▸ **Required action**: Write out again, exactly, the lines below starting at the one with "unfolding dominated_on_def bounded_iff by (auto" and ending at the one with "from assms obtain L1 L2 where".
Available data section start
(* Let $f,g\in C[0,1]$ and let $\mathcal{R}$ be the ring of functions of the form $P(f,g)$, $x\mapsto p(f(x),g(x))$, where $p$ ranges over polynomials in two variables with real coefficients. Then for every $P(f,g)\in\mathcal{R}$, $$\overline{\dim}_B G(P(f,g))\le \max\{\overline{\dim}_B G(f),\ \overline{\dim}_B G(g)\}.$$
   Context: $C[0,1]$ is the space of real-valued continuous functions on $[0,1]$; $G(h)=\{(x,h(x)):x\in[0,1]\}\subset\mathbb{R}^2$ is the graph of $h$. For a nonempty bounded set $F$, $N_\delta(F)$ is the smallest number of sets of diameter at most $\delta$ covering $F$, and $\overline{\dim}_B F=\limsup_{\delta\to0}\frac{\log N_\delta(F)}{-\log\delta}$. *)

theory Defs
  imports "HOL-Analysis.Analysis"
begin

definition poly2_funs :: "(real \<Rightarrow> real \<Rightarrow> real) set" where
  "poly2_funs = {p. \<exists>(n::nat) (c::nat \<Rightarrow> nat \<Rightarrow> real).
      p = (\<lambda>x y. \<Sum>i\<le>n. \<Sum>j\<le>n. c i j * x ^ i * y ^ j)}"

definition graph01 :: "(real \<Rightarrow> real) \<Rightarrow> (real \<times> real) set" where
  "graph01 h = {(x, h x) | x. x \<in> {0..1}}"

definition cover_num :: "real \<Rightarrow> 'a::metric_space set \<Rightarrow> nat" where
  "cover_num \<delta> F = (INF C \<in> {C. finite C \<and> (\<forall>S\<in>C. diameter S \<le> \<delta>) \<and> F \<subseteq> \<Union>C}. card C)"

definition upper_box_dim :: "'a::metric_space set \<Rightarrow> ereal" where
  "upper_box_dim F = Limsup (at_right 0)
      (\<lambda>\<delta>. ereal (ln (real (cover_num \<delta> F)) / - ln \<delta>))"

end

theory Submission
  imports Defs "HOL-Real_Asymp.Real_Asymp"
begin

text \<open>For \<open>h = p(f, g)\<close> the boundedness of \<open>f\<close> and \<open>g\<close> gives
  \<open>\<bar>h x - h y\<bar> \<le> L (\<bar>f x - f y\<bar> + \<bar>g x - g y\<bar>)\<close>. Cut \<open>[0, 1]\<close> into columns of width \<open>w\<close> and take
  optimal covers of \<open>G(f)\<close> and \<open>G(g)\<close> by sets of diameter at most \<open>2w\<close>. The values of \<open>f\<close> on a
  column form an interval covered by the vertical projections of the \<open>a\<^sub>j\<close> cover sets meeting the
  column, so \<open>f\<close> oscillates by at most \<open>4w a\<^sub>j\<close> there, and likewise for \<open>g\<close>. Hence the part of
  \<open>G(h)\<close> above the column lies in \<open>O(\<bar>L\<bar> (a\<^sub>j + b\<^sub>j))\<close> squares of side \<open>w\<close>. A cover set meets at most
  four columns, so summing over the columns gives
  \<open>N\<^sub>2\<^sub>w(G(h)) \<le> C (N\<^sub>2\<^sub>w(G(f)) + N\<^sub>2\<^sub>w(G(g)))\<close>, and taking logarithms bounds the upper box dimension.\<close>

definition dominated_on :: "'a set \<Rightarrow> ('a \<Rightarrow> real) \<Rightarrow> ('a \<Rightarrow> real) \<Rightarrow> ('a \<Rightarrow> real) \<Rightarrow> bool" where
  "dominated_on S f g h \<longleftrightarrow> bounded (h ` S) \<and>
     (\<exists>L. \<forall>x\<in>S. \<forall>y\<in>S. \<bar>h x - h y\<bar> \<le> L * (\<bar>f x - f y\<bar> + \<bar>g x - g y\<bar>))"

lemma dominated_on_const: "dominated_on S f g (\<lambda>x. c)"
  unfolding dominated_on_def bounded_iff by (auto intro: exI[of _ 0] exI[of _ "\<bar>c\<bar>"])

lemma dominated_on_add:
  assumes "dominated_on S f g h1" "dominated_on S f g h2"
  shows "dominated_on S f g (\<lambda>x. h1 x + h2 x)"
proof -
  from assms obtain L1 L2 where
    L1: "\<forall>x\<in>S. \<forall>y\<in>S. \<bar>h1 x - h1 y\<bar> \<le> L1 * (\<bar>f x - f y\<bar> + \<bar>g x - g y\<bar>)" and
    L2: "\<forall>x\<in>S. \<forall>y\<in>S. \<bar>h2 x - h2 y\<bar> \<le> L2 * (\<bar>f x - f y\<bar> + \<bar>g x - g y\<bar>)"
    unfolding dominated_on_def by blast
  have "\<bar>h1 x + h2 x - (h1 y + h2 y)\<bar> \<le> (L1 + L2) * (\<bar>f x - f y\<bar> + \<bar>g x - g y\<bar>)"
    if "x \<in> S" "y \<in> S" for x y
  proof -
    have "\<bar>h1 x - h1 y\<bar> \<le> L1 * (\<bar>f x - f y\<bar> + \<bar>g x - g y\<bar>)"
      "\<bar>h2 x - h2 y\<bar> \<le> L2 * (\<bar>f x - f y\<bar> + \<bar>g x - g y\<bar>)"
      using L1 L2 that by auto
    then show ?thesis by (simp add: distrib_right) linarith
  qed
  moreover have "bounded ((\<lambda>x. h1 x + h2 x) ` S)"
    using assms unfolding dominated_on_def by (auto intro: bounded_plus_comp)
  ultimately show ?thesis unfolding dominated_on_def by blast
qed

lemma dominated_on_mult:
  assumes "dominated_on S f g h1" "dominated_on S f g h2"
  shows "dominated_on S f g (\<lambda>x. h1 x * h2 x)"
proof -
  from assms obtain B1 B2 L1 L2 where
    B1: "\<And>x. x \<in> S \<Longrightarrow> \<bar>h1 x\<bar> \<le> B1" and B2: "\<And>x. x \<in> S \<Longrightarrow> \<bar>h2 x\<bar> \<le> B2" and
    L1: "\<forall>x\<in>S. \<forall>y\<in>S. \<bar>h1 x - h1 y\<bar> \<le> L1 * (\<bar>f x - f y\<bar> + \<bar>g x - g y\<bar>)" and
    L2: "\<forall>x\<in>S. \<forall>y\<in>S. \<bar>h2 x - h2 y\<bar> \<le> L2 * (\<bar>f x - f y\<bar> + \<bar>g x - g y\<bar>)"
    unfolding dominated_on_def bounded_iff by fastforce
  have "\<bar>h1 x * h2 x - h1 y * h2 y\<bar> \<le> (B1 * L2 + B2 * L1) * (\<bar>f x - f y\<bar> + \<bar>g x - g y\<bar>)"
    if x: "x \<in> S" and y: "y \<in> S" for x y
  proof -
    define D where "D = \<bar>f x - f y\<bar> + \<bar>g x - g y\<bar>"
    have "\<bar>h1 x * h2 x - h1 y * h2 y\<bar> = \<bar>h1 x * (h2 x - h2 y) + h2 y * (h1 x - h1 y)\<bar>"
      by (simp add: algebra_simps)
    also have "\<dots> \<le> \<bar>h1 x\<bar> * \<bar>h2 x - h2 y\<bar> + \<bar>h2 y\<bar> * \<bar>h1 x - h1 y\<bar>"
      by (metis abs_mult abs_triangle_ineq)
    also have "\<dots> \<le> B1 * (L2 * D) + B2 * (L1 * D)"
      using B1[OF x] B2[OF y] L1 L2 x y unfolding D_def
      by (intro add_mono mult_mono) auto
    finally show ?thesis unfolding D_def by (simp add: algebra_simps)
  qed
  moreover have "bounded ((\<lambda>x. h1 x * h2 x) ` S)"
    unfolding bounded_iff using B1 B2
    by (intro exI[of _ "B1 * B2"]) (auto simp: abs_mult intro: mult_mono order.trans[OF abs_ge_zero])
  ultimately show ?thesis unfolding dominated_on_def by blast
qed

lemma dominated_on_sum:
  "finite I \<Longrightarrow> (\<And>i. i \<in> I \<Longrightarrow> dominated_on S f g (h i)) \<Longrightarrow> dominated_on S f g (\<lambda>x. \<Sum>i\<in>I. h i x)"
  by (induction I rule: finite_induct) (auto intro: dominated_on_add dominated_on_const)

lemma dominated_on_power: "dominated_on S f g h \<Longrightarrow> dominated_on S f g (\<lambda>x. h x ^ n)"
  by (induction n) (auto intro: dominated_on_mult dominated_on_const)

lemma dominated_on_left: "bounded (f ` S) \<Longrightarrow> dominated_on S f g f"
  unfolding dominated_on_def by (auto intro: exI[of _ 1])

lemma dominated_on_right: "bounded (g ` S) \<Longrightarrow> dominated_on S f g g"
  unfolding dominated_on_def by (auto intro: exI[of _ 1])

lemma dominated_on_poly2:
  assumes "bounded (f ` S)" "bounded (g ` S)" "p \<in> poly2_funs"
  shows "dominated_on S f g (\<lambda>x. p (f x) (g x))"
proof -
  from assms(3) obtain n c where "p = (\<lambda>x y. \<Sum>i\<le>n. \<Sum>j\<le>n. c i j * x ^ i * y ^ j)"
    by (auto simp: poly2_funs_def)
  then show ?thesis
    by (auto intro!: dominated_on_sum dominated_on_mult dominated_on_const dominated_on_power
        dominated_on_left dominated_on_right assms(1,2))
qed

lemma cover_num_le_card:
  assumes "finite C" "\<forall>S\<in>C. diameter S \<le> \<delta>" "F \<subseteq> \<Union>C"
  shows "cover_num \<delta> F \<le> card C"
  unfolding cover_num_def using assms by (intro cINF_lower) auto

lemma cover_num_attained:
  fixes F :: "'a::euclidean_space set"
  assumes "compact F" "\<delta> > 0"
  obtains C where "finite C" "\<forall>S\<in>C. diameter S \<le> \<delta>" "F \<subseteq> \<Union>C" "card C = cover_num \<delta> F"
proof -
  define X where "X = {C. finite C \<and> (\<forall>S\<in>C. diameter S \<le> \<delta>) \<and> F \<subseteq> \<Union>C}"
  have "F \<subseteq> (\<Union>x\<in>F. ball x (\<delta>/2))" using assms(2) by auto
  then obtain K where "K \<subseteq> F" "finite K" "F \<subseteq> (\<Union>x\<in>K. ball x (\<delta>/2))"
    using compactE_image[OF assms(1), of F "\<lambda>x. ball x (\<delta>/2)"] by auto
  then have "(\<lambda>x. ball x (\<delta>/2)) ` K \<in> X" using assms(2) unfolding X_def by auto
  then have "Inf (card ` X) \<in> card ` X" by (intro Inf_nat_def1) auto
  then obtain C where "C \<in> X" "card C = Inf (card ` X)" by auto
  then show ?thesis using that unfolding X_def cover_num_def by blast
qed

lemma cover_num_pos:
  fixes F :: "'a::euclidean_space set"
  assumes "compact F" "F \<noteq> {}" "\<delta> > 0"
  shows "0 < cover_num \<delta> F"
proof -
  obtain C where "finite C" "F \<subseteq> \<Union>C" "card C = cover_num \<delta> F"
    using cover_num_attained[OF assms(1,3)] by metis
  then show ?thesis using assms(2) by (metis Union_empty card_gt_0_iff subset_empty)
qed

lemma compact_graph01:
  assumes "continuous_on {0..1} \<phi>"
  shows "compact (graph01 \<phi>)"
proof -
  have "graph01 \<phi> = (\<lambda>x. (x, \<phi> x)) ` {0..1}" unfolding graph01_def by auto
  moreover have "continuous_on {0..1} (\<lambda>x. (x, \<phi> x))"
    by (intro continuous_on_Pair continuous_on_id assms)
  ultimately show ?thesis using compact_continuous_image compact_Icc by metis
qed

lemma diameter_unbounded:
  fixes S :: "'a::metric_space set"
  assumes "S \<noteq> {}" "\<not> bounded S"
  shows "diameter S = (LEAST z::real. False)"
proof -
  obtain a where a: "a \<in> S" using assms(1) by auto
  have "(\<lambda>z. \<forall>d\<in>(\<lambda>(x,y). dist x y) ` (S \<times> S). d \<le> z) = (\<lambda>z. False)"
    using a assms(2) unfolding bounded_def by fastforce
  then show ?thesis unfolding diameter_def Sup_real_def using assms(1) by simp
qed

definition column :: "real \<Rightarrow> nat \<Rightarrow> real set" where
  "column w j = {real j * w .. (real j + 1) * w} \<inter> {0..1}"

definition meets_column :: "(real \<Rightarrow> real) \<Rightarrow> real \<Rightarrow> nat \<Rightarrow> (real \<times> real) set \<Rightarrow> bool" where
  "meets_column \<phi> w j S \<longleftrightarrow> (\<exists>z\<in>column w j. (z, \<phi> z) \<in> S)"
Available data section end
Available data section start
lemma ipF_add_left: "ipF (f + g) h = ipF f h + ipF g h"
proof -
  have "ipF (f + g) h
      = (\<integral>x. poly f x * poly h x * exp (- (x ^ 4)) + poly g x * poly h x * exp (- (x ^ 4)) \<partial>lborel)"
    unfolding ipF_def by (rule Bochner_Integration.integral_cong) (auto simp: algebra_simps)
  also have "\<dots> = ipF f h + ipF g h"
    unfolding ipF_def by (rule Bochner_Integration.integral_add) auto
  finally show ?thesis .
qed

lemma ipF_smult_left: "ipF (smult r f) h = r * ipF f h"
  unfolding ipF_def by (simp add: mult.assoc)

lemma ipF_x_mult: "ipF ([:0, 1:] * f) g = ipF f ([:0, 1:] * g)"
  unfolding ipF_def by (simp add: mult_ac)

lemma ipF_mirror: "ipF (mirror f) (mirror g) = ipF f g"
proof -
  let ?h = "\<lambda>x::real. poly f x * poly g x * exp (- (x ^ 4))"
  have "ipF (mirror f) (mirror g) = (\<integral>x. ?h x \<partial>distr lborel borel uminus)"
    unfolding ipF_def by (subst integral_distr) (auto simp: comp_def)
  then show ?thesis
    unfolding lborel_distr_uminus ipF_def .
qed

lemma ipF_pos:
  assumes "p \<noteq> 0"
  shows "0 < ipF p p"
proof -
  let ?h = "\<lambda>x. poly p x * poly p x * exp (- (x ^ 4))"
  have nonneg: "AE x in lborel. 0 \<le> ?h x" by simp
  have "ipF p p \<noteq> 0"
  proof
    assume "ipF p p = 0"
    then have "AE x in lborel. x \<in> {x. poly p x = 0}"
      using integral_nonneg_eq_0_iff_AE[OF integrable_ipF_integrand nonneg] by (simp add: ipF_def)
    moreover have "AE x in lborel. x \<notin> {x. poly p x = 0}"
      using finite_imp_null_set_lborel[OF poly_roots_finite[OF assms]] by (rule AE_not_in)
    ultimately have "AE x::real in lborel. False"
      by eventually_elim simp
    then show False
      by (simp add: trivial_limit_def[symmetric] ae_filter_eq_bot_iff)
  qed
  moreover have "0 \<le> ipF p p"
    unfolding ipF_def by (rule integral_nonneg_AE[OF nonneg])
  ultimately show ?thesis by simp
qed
Available data section end
▸ **Response to the task**:
  unfolding dominated_on_def bounded_iff by (auto intro: exI[of _ 0] exI[of _ "\<bar>c\<bar>"])

lemma dominated_on_add:
  assumes "dominated_on S f g h1" "dominated_on S f g h2"
  shows "dominated_on S f g (\<lambda>x. h1 x + h2 x)"
proof -
  from assms obtain L1 L2 where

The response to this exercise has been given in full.